Data provided:
lemma eq_if_in_open_extensions:
  assumes "Hausdorff_space Z" and g: "continuous_map T Z g"
    and y: "y \<in> Z closure_of g ` topspace T" and c: "c \<in> topspace T"
    and ext: "\<And>A. openin T A \<Longrightarrow> c \<in> A \<Longrightarrow> y \<in> open_extension Z g (topspace T) A"
  shows "y = g c"
proof (rule ccontr)
  assume "y \<noteq> g c"
  moreover have "y \<in> topspace Z"
    by (rule subsetD[OF closure_of_subset_topspace y])
  moreover have "g c \<in> topspace Z"
    by (rule subsetD[OF continuous_map_image_subset_topspace[OF g] imageI[OF c]])
  ultimately obtain W1 W2 where W: "openin Z W1" "openin Z W2" "y \<in> W1" "g c \<in> W2" "disjnt W1 W2"
    using \<open>Hausdorff_space Z\<close> unfolding Hausdorff_space_def by metis
  define A where "A = {x \<in> topspace T. g x \<in> W2}"
  have "openin T A"
    unfolding A_def using openin_continuous_map_preimage[OF g W(2)] .
  moreover have "c \<in> A"
    using c W(4) by (simp add: A_def)
  ultimately have "y \<in> open_extension Z g (topspace T) A"
    by (rule ext)
  then obtain W where "openin Z W" "y \<in> W" and WA: "{x \<in> topspace T. g x \<in> W} \<subseteq> A"
    by (rule open_extensionE)
  then have "openin Z (W \<inter> W1)" "y \<in> W \<inter> W1"
    using W(1,3) by auto
  then obtain x where "x \<in> topspace T" "g x \<in> W \<inter> W1"
    using y unfolding in_closure_of by blast
  then show False
    using WA W(5) by (auto simp: A_def disjnt_def)
qed

section \<open>The image of a \<open>\<Sigma>\<^sup>0\<^sub>2\<close>-refinement is \<open>G\<^sub>\<delta>\<close>\<close>

locale Sigma02_refinement =
  fixes X :: "'a set" and d :: "'a \<Rightarrow> 'a \<Rightarrow> real" and T :: "'a topology"
    and \<B> \<P> :: "'a set set" and U V :: "'a set \<Rightarrow> nat \<Rightarrow> 'a set"
    and Z :: "'b topology" and g :: "'a \<Rightarrow> 'b"
  assumes quasi_metric: "quasi_metric X d" and qcomplete: "qcomplete X d"
    and countable_base: "countable \<B>"
    and base_open: "\<And>B. B \<in> \<B> \<Longrightarrow> openin (qmtopology X d) B"
    and base: "\<And>W x. openin (qmtopology X d) W \<Longrightarrow> x \<in> W \<Longrightarrow> \<exists>B\<in>\<B>. x \<in> B \<and> B \<subseteq> W"
    and topspace_T: "topspace T = X"
    and finer: "\<And>W. openin (qmtopology X d) W \<Longrightarrow> openin T W"
    and countable_base_T: "countable \<P>"
    and base_T_open: "\<And>P. P \<in> \<P> \<Longrightarrow> openin T P"
    and base_T: "\<And>W x. openin T W \<Longrightarrow> x \<in> W \<Longrightarrow> \<exists>P\<in>\<P>. x \<in> P \<and> P \<subseteq> W"
    and U_open: "\<And>P i. P \<in> \<P> \<Longrightarrow> openin (qmtopology X d) (U P i)"
    and V_open: "\<And>P i. P \<in> \<P> \<Longrightarrow> openin (qmtopology X d) (V P i)"
    and Sigma02_decomposition: "\<And>P. P \<in> \<P> \<Longrightarrow> P = (\<Union>i. U P i - V P i)"
    and metrizable: "metrizable_space Z"
    and embedding: "embedding_map T Z g"
begin

abbreviation ext :: "'a set \<Rightarrow> 'b set" where
  "ext \<equiv> open_extension Z g X"

definition \<N> :: "'a set set" where
  "\<N> = insert X \<B>"

definition \<V> :: "'a set set" where
  "\<V> = insert X ((\<lambda>(P, i). V P i) ` (\<P> \<times> UNIV))"

text \<open>The shrinking-balls requirement on the filter \<open>{A. y \<in> ext A}\<close>; it makes the filter converge.\<close>

definition nested_condition :: "'a set \<Rightarrow> 'a set \<Rightarrow> nat \<Rightarrow> 'b set" where
  "nested_condition N W n =
     (topspace Z - ext (N \<inter> W)) \<union> \<Union>{ext C | C. C \<in> \<N> \<and> qball_nested X d n C (N \<inter> W)}"
(* Let $G$ be a finite simple graph and let $q \ge p \ge 0$ be integers. Then $\alpha_q(G) \le \left\lceil \frac{q+1}{p+1} \right\rceil \alpha_p(G)$.
   Context: For a graph $G=(V,E)$ and an integer $k\ge 0$, a $k$-independent set is a set $S\subseteq V$ such that the induced subgraph $G[S]$ has maximum degree at most $k$; $\alpha_k(G)$ denotes the maximum cardinality of a $k$-independent set of $G$ (so $\alpha_0(G)$ is the usual independence number). *)

theory Defs
  imports Complex_Main
begin

definition simple_graph :: "'a set \<Rightarrow> 'a set set \<Rightarrow> bool" where
  "simple_graph V E \<longleftrightarrow> finite V \<and> (\<forall>e\<in>E. e \<subseteq> V \<and> card e = 2)"

definition induced_degree :: "'a set set \<Rightarrow> 'a set \<Rightarrow> 'a \<Rightarrow> nat" where
  "induced_degree E S v = card {u \<in> S. {u, v} \<in> E}"

definition k_independent :: "'a set \<Rightarrow> 'a set set \<Rightarrow> nat \<Rightarrow> 'a set \<Rightarrow> bool" where
  "k_independent V E k S \<longleftrightarrow> S \<subseteq> V \<and> (\<forall>v\<in>S. induced_degree E S v \<le> k)"

definition alpha_k :: "'a set \<Rightarrow> 'a set set \<Rightarrow> nat \<Rightarrow> nat" where
  "alpha_k V E k = Max (card ` {S. k_independent V E k S})"

end

theory Submission
  imports Defs
begin

(* Let k = ceil((q+1)/(p+1)), so that q+1 <= k(p+1), and let S be a maximum
   q-independent set.  Colour S with k colours.  As long as some vertex v has
   more than p neighbours of its own colour, recolour v with a colour in which
   it has at most p neighbours; such a colour exists by pigeonhole, since v has
   at most q < k(p+1) neighbours in S.  Each recolouring strictly decreases the
   number of monochromatic ordered edges, so the process terminates in a
   colouring whose k colour classes are all p-independent.  Hence
   alpha_q = |S| <= k * alpha_p. *)

lemma card_eq_sum_fibres:
  assumes "finite A" "\<forall>u\<in>A. (f::'a \<Rightarrow> nat) u < k"
  shows "card A = (\<Sum>j<k. card {u\<in>A. f u = j})"
proof -
  have "A = (\<Union>j\<in>{..<k}. {u\<in>A. f u = j})" using assms(2) by auto
  also have "card \<dots> = (\<Sum>j<k. card {u\<in>A. f u = j})"
    by (rule card_UN_disjoint) (use assms(1) in auto)
  finally show ?thesis .
qed

definition colour_degree :: "'a set set \<Rightarrow> 'a set \<Rightarrow> ('a \<Rightarrow> nat) \<Rightarrow> 'a \<Rightarrow> nat \<Rightarrow> nat" where
  "colour_degree E S f v j = card {u\<in>S. {u,v} \<in> E \<and> f u = j}"

text \<open>The potential of the local search: ordered pairs of adjacent vertices of
  \<open>S\<close> with equal colours.\<close>
definition mono_pairs :: "'a set set \<Rightarrow> 'a set \<Rightarrow> ('a \<Rightarrow> nat) \<Rightarrow> nat" where
  "mono_pairs E S f = card {(u,w). u\<in>S \<and> w\<in>S \<and> {u,w}\<in>E \<and> f u = f w}"

text \<open>Separating the pairs through a fixed vertex \<open>v\<close>: each monochromatic
  neighbour of \<open>v\<close> contributes two ordered pairs (there are no loops).\<close>
lemma mono_pairs_split:
  assumes fin: "finite S" and v: "v \<in> S" and loopless: "{v} \<notin> E"
  shows "mono_pairs E S f =
           card {(u,w). u\<in>S \<and> w\<in>S \<and> u\<noteq>v \<and> w\<noteq>v \<and> {u,w}\<in>E \<and> f u = f w}
           + 2 * colour_degree E S f v (f v)"
proof -
  let ?A = "{(u,w). u\<in>S \<and> w\<in>S \<and> u\<noteq>v \<and> w\<noteq>v \<and> {u,w}\<in>E \<and> f u = f w}"
  let ?X = "{w\<in>S. {w,v}\<in>E \<and> f w = f v}"
  let ?B = "(\<lambda>w. (v,w)) ` ?X" and ?C = "(\<lambda>w. (w,v)) ` ?X"
  have pairs: "{(u,w). u\<in>S \<and> w\<in>S \<and> {u,w}\<in>E \<and> f u = f w} = ?A \<union> (?B \<union> ?C)"
    using v by (auto simp: insert_commute)
  have fin_A: "finite ?A" by (rule finite_subset[of _ "S \<times> S"]) (use fin in auto)
  have fin_X: "finite ?X" using fin by simp
  have card_B: "card ?B = card ?X" and card_C: "card ?C = card ?X"
    by (auto intro!: card_image simp: inj_on_def)
  have "card (?A \<union> (?B \<union> ?C)) = card ?A + (card ?B + card ?C)"
    using fin_A fin_X loopless by (subst card_Un_disjoint, auto)+
  then show ?thesis
    unfolding mono_pairs_def colour_degree_def using pairs card_B card_C by simp
qed

lemma mono_pairs_recolour:
  assumes "finite S" and "v \<in> S" and "{v} \<notin> E"
  shows "mono_pairs E S (f(v:=j)) + 2 * colour_degree E S f v (f v)
           = mono_pairs E S f + 2 * colour_degree E S f v j"
proof -
  have rest: "{(u,w). u\<in>S \<and> w\<in>S \<and> u\<noteq>v \<and> w\<noteq>v \<and> {u,w}\<in>E \<and> (f(v:=j)) u = (f(v:=j)) w}
            = {(u,w). u\<in>S \<and> w\<in>S \<and> u\<noteq>v \<and> w\<noteq>v \<and> {u,w}\<in>E \<and> f u = f w}" by auto
  have "colour_degree E S (f(v:=j)) v j = colour_degree E S f v j"
    unfolding colour_degree_def using assms(3) by (intro arg_cong[where f=card]) auto
  then show ?thesis
    using mono_pairs_split[OF assms, of "f(v:=j)"] mono_pairs_split[OF assms, of f] rest by simp
qed

lemma sparse_colour_exists:
  assumes fin: "finite S" and colours: "\<forall>u\<in>S. f u < k"
    and deg: "card {u\<in>S. {u,v}\<in>E} \<le> q" and kq: "q + 1 \<le> k * (p + 1)"
  shows "\<exists>j<k. colour_degree E S f v j \<le> p"
proof (rule ccontr)
  assume "\<not> ?thesis"
  then have "k * (p + 1) \<le> (\<Sum>j<k. colour_degree E S f v j)"
    using sum_mono[of "{..<k}" "\<lambda>_. p + 1" "colour_degree E S f v"] by fastforce
  also have "\<dots> = card {u\<in>S. {u,v}\<in>E}"
    unfolding colour_degree_def
    using card_eq_sum_fibres[of "{u\<in>S. {u,v}\<in>E}" f k] fin colours by simp
  finally show False using deg kq by simp
qed

lemma sparse_colouring_exists:
  assumes fin: "finite S" and loopless: "\<forall>v\<in>S. {v} \<notin> E"
    and deg: "\<forall>v\<in>S. card {u\<in>S. {u,v}\<in>E} \<le> q"
    and kq: "q + 1 \<le> k * (p + 1)"
  shows "\<exists>g. (\<forall>u\<in>S. g u < k) \<and> (\<forall>v\<in>S. colour_degree E S g v (g v) \<le> p)"
proof -
  have k_pos: "0 < k" using kq by (cases k) auto
  have "\<forall>u\<in>S. f u < k \<Longrightarrow> ?thesis" for f
  proof (induction f rule: measure_induct_rule[where f="mono_pairs E S"])
    case (less f)
    show ?case
    proof (cases "\<forall>v\<in>S. colour_degree E S f v (f v) \<le> p")
      case True
      then show ?thesis using less.prems by blast
    next
      case False
      then obtain v where v: "v \<in> S" and bad: "p < colour_degree E S f v (f v)" by auto
      obtain j where j: "j < k" "colour_degree E S f v j \<le> p"
        using sparse_colour_exists[OF fin less.prems] deg v kq by blast
      have "mono_pairs E S (f(v:=j)) < mono_pairs E S f"
        using mono_pairs_recolour[OF fin v, of E f j] loopless v bad j by auto
      moreover have "\<forall>u\<in>S. (f(v:=j)) u < k" using less.prems j by auto
      ultimately show ?thesis using less.IH by blast
    qed
  qed
  from this[of "\<lambda>_. 0"] show ?thesis using k_pos by blast
qed

lemma colour_class_independent:
  assumes "S \<subseteq> V" and "\<forall>v\<in>S. colour_degree E S g v (g v) \<le> p"
  shows "k_independent V E p {u\<in>S. g u = j}"
  unfolding k_independent_def induced_degree_def
proof (intro conjI ballI)
  show "{u\<in>S. g u = j} \<subseteq> V" using assms(1) by auto
next
  fix v assume v: "v \<in> {u\<in>S. g u = j}"
  then have "{u \<in> {u\<in>S. g u = j}. {u, v} \<in> E} = {u\<in>S. {u,v}\<in>E \<and> g u = g v}" by auto
  moreover have "colour_degree E S g v (g v) \<le> p" using assms(2) v by blast
  ultimately show "card {u \<in> {u\<in>S. g u = j}. {u, v} \<in> E} \<le> p"
    unfolding colour_degree_def by simp
qed

lemma finite_k_independent_cards:
  assumes "finite V"
  shows "finite (card ` {S. k_independent V E k S})"
  by (rule finite_imageI, rule finite_subset[of _ "Pow V"])
     (auto simp: k_independent_def assms)

lemma card_le_alpha_k:
  assumes "finite V" and "k_independent V E k S"
  shows "card S \<le> alpha_k V E k"
  unfolding alpha_k_def using assms by (intro Max_ge[OF finite_k_independent_cards]) auto

lemma alpha_k_attained:
  assumes "finite V"
  shows "\<exists>S. k_independent V E k S \<and> alpha_k V E k = card S"
proof -
  have "k_independent V E k {}" by (simp add: k_independent_def)
  then show ?thesis
    using Max_in[OF finite_k_independent_cards[OF assms], of E k]
    unfolding alpha_k_def by auto
qed

lemma alpha_k_le_mult:
  assumes G: "simple_graph V E" and kq: "q + 1 \<le> k * (p + 1)"
  shows "alpha_k V E q \<le> k * alpha_k V E p"
proof -
  have fin_V: "finite V" using G by (simp add: simple_graph_def)
  have loopless: "\<forall>v. {v} \<notin> E" using G by (auto simp: simple_graph_def)
  obtain S where S: "k_independent V E q S" "alpha_k V E q = card S"
    using alpha_k_attained[OF fin_V] by blast
  have S_V: "S \<subseteq> V" using S(1) by (simp add: k_independent_def)
  have fin_S: "finite S" using S_V fin_V by (rule finite_subset)
  have deg: "\<forall>v\<in>S. card {u\<in>S. {u,v}\<in>E} \<le> q"
    using S(1) by (auto simp: k_independent_def induced_degree_def)
  obtain g where g: "\<forall>u\<in>S. g u < k" "\<forall>v\<in>S. colour_degree E S g v (g v) \<le> p"
    using sparse_colouring_exists[OF fin_S _ deg kq] loopless by blast
  have "card S = (\<Sum>j<k. card {u\<in>S. g u = j})" by (rule card_eq_sum_fibres[OF fin_S g(1)])
  also have "\<dots> \<le> (\<Sum>j<k. alpha_k V E p)"
    by (intro sum_mono card_le_alpha_k[OF fin_V] colour_class_independent[OF S_V g(2)])
  finally show ?thesis using S(2) by simp
qed

lemma ceiling_quotient_mult:
  fixes p q :: nat
  shows "q + 1 \<le> nat \<lceil>real (q + 1) / real (p + 1)\<rceil> * (p + 1)"
proof -
  define c where "c = \<lceil>real (q + 1) / real (p + 1)\<rceil>"
  have "0 \<le> real (q + 1) / real (p + 1)" by simp
  then have c_nonneg: "0 \<le> c" unfolding c_def by linarith
  have "real (q + 1) / real (p + 1) \<le> real_of_int c" unfolding c_def by simp
  then have "real (q + 1) \<le> real (nat c) * real (p + 1)"
    using c_nonneg by (simp add: divide_le_eq)
  then show ?thesis unfolding c_def[symmetric] by (metis of_nat_le_iff of_nat_mult)
qed

text \<open>The main theorem, with \<open>k = \<lceil>(q+1)/(p+1)\<rceil>\<close> colours.\<close>
theorem mainTheorem1:
  fixes V :: "'a set" and E :: "'a set set" and p q :: nat
  assumes "simple_graph V E" and "p \<le> q"
  shows "real (alpha_k V E q) \<le> real_of_int (ceiling (real (q + 1) / real (p + 1))) * real (alpha_k V E p)"
proof -
  let ?k = "nat \<lceil>real (q + 1) / real (p + 1)\<rceil>"
  have "alpha_k V E q \<le> ?k * alpha_k V E p"
    using alpha_k_le_mult[OF assms(1) ceiling_quotient_mult] .
  then have "real (alpha_k V E q) \<le> real ?k * real (alpha_k V E p)"
    by (metis of_nat_le_iff of_nat_mult)
  then show ?thesis by simp
qed

end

Task: Output must consist only of the listing's lines from the first through the line with "by (rule ext)", reproduced word for word.

Reply:
lemma eq_if_in_open_extensions:
  assumes "Hausdorff_space Z" and g: "continuous_map T Z g"
    and y: "y \<in> Z closure_of g ` topspace T" and c: "c \<in> topspace T"
    and ext: "\<And>A. openin T A \<Longrightarrow> c \<in> A \<Longrightarrow> y \<in> open_extension Z g (topspace T) A"
  shows "y = g c"
proof (rule ccontr)
  assume "y \<noteq> g c"
  moreover have "y \<in> topspace Z"
    by (rule subsetD[OF closure_of_subset_topspace y])
  moreover have "g c \<in> topspace Z"
    by (rule subsetD[OF continuous_map_image_subset_topspace[OF g] imageI[OF c]])
  ultimately obtain W1 W2 where W: "openin Z W1" "openin Z W2" "y \<in> W1" "g c \<in> W2" "disjnt W1 W2"
    using \<open>Hausdorff_space Z\<close> unfolding Hausdorff_space_def by metis
  define A where "A = {x \<in> topspace T. g x \<in> W2}"
  have "openin T A"
    unfolding A_def using openin_continuous_map_preimage[OF g W(2)] .
  moreover have "c \<in> A"
    using c W(4) by (simp add: A_def)
  ultimately have "y \<in> open_extension Z g (topspace T) A"
    by (rule ext)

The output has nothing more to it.